And to think I just received my Starwood AMEX last week! Sigh...

Well, I suspect a hotel cc is still a better idea than more miles.


----------



## rocky (May 9, 2006)

What this means to me is that I have to assume that overtime the 80K starpoints I got for my developer purchase will eventually be worth 3 nights at a Four Points Sheraton.  SO.  If I ever purchase again, it will be a resale for a mandatory resort.  The *BIG* reason to make a developer purchase will effectively have been negated.


----------



## stevens397 (May 9, 2006)

Rocky,

While many have argued back and forth about the flexibility of Starpoint conversion, your post hit the nail right on the head.  They are removing the remaining incentive for developer purchase of a mandatory resort.

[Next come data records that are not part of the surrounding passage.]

lemma hadd_loc_frac:
  assumes r1: "r1 \<in> carrier R" and t1: "t1 \<in> T" and r2: "r2 \<in> carrier R" and t2: "t2 \<in> T"
  shows "hadd (loc R T) (frac R T r1 t1) (frac R T r2 t2) =
    {frac R T y (t1 \<odot> t2) | y. y \<in> hadd R (r1 \<odot> t2) (t1 \<odot> r2)}"
proof (intro equalityI subsetI)
  fix z assume "z \<in> {frac R T y (t1 \<odot> t2) | y. y \<in> hadd R (r1 \<odot> t2) (t1 \<odot> r2)}"
  then show "z \<in> hadd (loc R T) (frac R T r1 t1) (frac R T r2 t2)"
    unfolding loc_def using self_in_frac[OF r1 t1] self_in_frac[OF r2 t2] by simp blast
next
  fix z assume "z \<in> hadd (loc R T) (frac R T r1 t1) (frac R T r2 t2)"
  then obtain y a s b u where z: "z = frac R T y (s \<odot> u)" and as: "(a, s) \<in> frac R T r1 t1"
    and bu: "(b, u) \<in> frac R T r2 t2" and y: "y \<in> hadd R (a \<odot> u) (s \<odot> b)"
    unfolding loc_def by auto
  have rel1: "((a, s), (r1, t1)) \<in> locrel R T" and rel2: "((b, u), (r2, t2)) \<in> locrel R T"
    using as bu by (auto intro: locrel_sym locrel_of_mem_frac)
  have m: "a \<in> carrier R" "s \<in> T" "b \<in> carrier R" "u \<in> T"
    using rel1 rel2 unfolding locrel_def by auto
  obtain y1 where y1: "y1 \<in> hadd R (r1 \<odot> u) (t1 \<odot> b)" "((y, s \<odot> u), (y1, t1 \<odot> u)) \<in> locrel R T"
    using locrel_hadd[OF rel1 m(3,4) y] by blast
  have "y1 \<in> hadd R (b \<odot> t1) (u \<odot> r1)" using y1(1) m r1 t1 by (simp add: hadd_commute mult_ac)
  then obtain y2 where y2: "y2 \<in> hadd R (r2 \<odot> t1) (t2 \<odot> r1)"
    "((y1, u \<odot> t1), (y2, t2 \<odot> t1)) \<in> locrel R T"
    using locrel_hadd[OF rel2 r1 t1] by blast
  have "y2 \<in> hadd R (r1 \<odot> t2) (t1 \<odot> r2)" using y2(1) r2 t2 r1 t1 by (simp add: hadd_commute mult_ac)
  moreover have "((y, s \<odot> u), (y2, t1 \<odot> t2)) \<in> locrel R T"
    using locrel_trans[OF y1(2)] y2(2) m t1 t2 by (simp add: mult_ac)
  then have "z = frac R T y2 (t1 \<odot> t2)"
    unfolding z using frac_eq_iff unfolding locrel_def by auto
  ultimately show "z \<in> {frac R T y (t1 \<odot> t2) | y. y \<in> hadd R (r1 \<odot> t2) (t1 \<odot> r2)}" by blast
qed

Then again, I have enough anyway!


----------



## Kazakie (May 11, 2006)

*skeptical one*

I wouldn't be surprised if SPG changes their rewards/categories a bit (as many of us know - it really is too good to be true in many cases) - but the 25% across the board seems rather drastic.  

I hate to be the skeptical one, but as someone pointed out (either on TUG or FlyerTalk) it seems odd that Maui, St. John, etc would be specifically listed, since they just changed categories and aren't even the top category today.   Also it seems odd that Hilton is listed, especially since what Hilton HHonors did is very different than what the "survey" proposes. 

Something may be coming down the pipe, but I'm not sure how much credence I'd put on the validity of this survey - especially since no one else has raised their hand and said - I got this "survey" too!!


----------



## DeniseM (May 11, 2006)

*Re: skeptical one*



			
				Kazakie said:
			
		

> Something may be coming down the pipe, but I'm not sure how much credence I'd put on the validity of this survey - especially since no one else has raised their hand and said - I got this "survey" too!!



Starwood Lurker (who *works for Starwood*) posted in the thread on FT and he said that he expects devaluation of Starpoints to happen.  If the survey was a hoax, I don't think he would have posted the way he did.


----------